— Prompt —
When the word "thesis" shows up in a line of the records below, copy that line.

— Data extract —
lemma gap_swap_trajectory_bounded:
  obtains B where "\<And>s t. 0 \<le> s \<Longrightarrow> 0 \<le> t \<Longrightarrow> gap (x s) (x t) + gap (x t) (x s) \<le> B"
proof -
  obtain L where L: "\<And>a b. gap a b \<le> L * norm (a - b)"
    using gap_le_lipschitz by blast
  have proj_gap: "gap (x s) (x t) \<le> \<bar>L\<bar> * (2 * P) + (v \<bullet> x s) - (v \<bullet> x t)"
    if "0 \<le> s" "0 \<le> t" for s t
  proof -
    have "gap (x s) (x t) = gap (proj_v v (x s)) (proj_v v (x t)) + (v \<bullet> x s) - (v \<bullet> x t)"
      using gap_translate[of "proj_v v (x s)" "v \<bullet> x s" "proj_v v (x t)" "v \<bullet> x t"]
      by (simp flip: proj_v_decompose)
    also have "gap (proj_v v (x s)) (proj_v v (x t)) \<le> \<bar>L\<bar> * norm (proj_v v (x s) - proj_v v (x t))"
      using L by (meson abs_ge_self mult_right_mono norm_ge_zero order.trans)
    also have "\<dots> \<le> \<bar>L\<bar> * (2 * P)"
      using bounded_projection[OF that(1)] bounded_projection[OF that(2)]
        norm_triangle_ineq4[of "proj_v v (x s)" "proj_v v (x t)"]
      by (intro mult_left_mono) auto
    finally show ?thesis by simp
  qed
  have "gap (x s) (x t) + gap (x t) (x s) \<le> 4 * \<bar>L\<bar> * P" if "0 \<le> s" "0 \<le> t" for s t
    using proj_gap[OF that] proj_gap[OF that(2,1)] by linarith
  then show thesis by (rule that)
qed

lemma gap_trajectory_limit:
  assumes "0 \<le> \<delta>"
  obtains l where "((\<lambda>t. gap (x (t + \<delta>)) (x t)) \<longlongrightarrow> l) at_top" and "gap (x \<delta>) (x 0) \<le> l"
proof -
  define u where "u t = gap (x (t + \<delta>)) (x t)" for t
  obtain B where B: "\<And>s t. 0 \<le> s \<Longrightarrow> 0 \<le> t \<Longrightarrow> gap (x s) (x t) + gap (x t) (x s) \<le> B"
    using gap_swap_trajectory_bounded by blast
  have u_mono: "mono_on {0..} u"
    using gap_trajectory_mono[of _ _ \<delta> 0] \<open>0 \<le> \<delta>\<close> by (auto simp: u_def mono_on_def)
  have "u t \<le> B - gap (x 0) (x \<delta>)" if "t \<in> {0..}" for t
    using B[of "t + \<delta>" t] gap_trajectory_mono[of 0 t 0 \<delta>] that \<open>0 \<le> \<delta>\<close> by (simp add: u_def)
  then have bdd: "bdd_above (u ` {0..})"
    by (rule bdd_aboveI2)
  show thesis
  proof (rule that)
    show "((\<lambda>t. gap (x (t + \<delta>)) (x t)) \<longlongrightarrow> (SUP t\<in>{0..}. u t)) at_top"
      using mono_on_tendsto_SUP[OF u_mono bdd] unfolding u_def .
    show "gap (x \<delta>) (x 0) \<le> (SUP t\<in>{0..}. u t)"
      using cSUP_upper[OF _ bdd, of 0] by (simp add: u_def)
  qed
qed

lemma reverse_gap_limit:
  assumes "0 < \<delta>" and u_lim: "((\<lambda>t. gap (x (t + \<delta>)) (x t)) \<longlongrightarrow> l) at_top"
  obtains s where "\<And>k. 0 \<le> s k" and "(\<lambda>k. gap (x (s k)) (x (s k + \<delta>))) \<longlonglongrightarrow> - l"
proof (rule omega_limit_solution_at_infinity[where l="\<delta> + 2"])
  fix T z c
  assume T_lim: "filterlim T at_top sequentially" and T_ge: "\<And>k. \<delta> + 2 \<le> T k"
    and z: "solves f X {-(\<delta> + 2)<..<0} z"
    and z_lim: "\<And>\<sigma>. \<sigma> \<in> {-(\<delta> + 2)<..<0} \<Longrightarrow> (\<lambda>k. x (T k + \<sigma>) + c k *\<^sub>R v) \<longlonglongrightarrow> z \<sigma>"
  have pair_lim: "(\<lambda>k. gap (x (T k + \<sigma>)) (x (T k + \<sigma>'))) \<longlonglongrightarrow> gap (z \<sigma>) (z \<sigma>')"
    if "\<sigma> \<in> {-(\<delta> + 2)<..<0}" "\<sigma>' \<in> {-(\<delta> + 2)<..<0}" for \<sigma> \<sigma>'
    using tendsto_gap[OF z_lim[OF that(1)] z_lim[OF that(2)]] by (simp add: gap_translate)
  have gap_z: "gap (z \<sigma>) (z (\<sigma> - \<delta>)) = l" if "\<sigma> \<in> {-2<..<0}" for \<sigma>
  proof -
    have "filterlim (\<lambda>k. (\<sigma> - \<delta>) + T k) at_top sequentially"
      by (rule filterlim_tendsto_add_at_top[OF tendsto_const T_lim])
    from filterlim_compose[OF u_lim this]
    have "(\<lambda>k. gap (x (T k + \<sigma>)) (x (T k + (\<sigma> - \<delta>)))) \<longlonglongrightarrow> l"
      by (simp add: algebra_simps)
    moreover have "(\<lambda>k. gap (x (T k + \<sigma>)) (x (T k + (\<sigma> - \<delta>)))) \<longlonglongrightarrow> gap (z \<sigma>) (z (\<sigma> - \<delta>))"
      using that \<open>0 < \<delta>\<close> by (intro pair_lim) auto
    ultimately show ?thesis
      using LIMSEQ_unique by blast
  qed
  have "solves f X {-2<..<0} (\<lambda>\<sigma>. z (\<sigma> - \<delta>))"
  proof -
    have "{-2<..<0} \<subseteq> (+) (- (- \<delta>)) ` {-(\<delta> + 2)<..<0}"
      using \<open>0 < \<delta>\<close> by (force intro: image_eqI[of _ _ "_ - \<delta>"])
    then show ?thesis
      using solves_shift[OF z, of "- \<delta>"] by (auto simp: solves_def)
  qed
  moreover have "solves f X {-2<..<0} z"
    using z \<open>0 < \<delta>\<close> by (auto simp: solves_def)
  ultimately have translate: "z (-1/2) = z (-1/2 - \<delta>) + l *\<^sub>R v"
    using constant_gap_imp_translate[of "{-2<..<0}" z "\<lambda>\<sigma>. z (\<sigma> - \<delta>)" "-1/2" "-1"]
      gap_z[of "-1/2"] gap_z[of "-1"] by simp
  have "gap (z (-1/2 - \<delta>)) (z (-1/2)) = - l"
    unfolding translate by (rule gap_translate_self)
  then have "(\<lambda>k. gap (x (T k + (-1/2 - \<delta>))) (x (T k + (-1/2 - \<delta>) + \<delta>))) \<longlonglongrightarrow> - l"
    using pair_lim[of "-1/2 - \<delta>" "-1/2"] \<open>0 < \<delta>\<close> by (simp add: add.assoc)
  moreover have "0 \<le> T k + (-1/2 - \<delta>)" for k
    using T_ge[of k] by simp
  ultimately show thesis
    by (rule that[rotated])
qed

— Exercise answer —
    finally show ?thesis by simp
  then show thesis by (rule that)
  show thesis
    ultimately show ?thesis
    then show ?thesis
  ultimately show thesis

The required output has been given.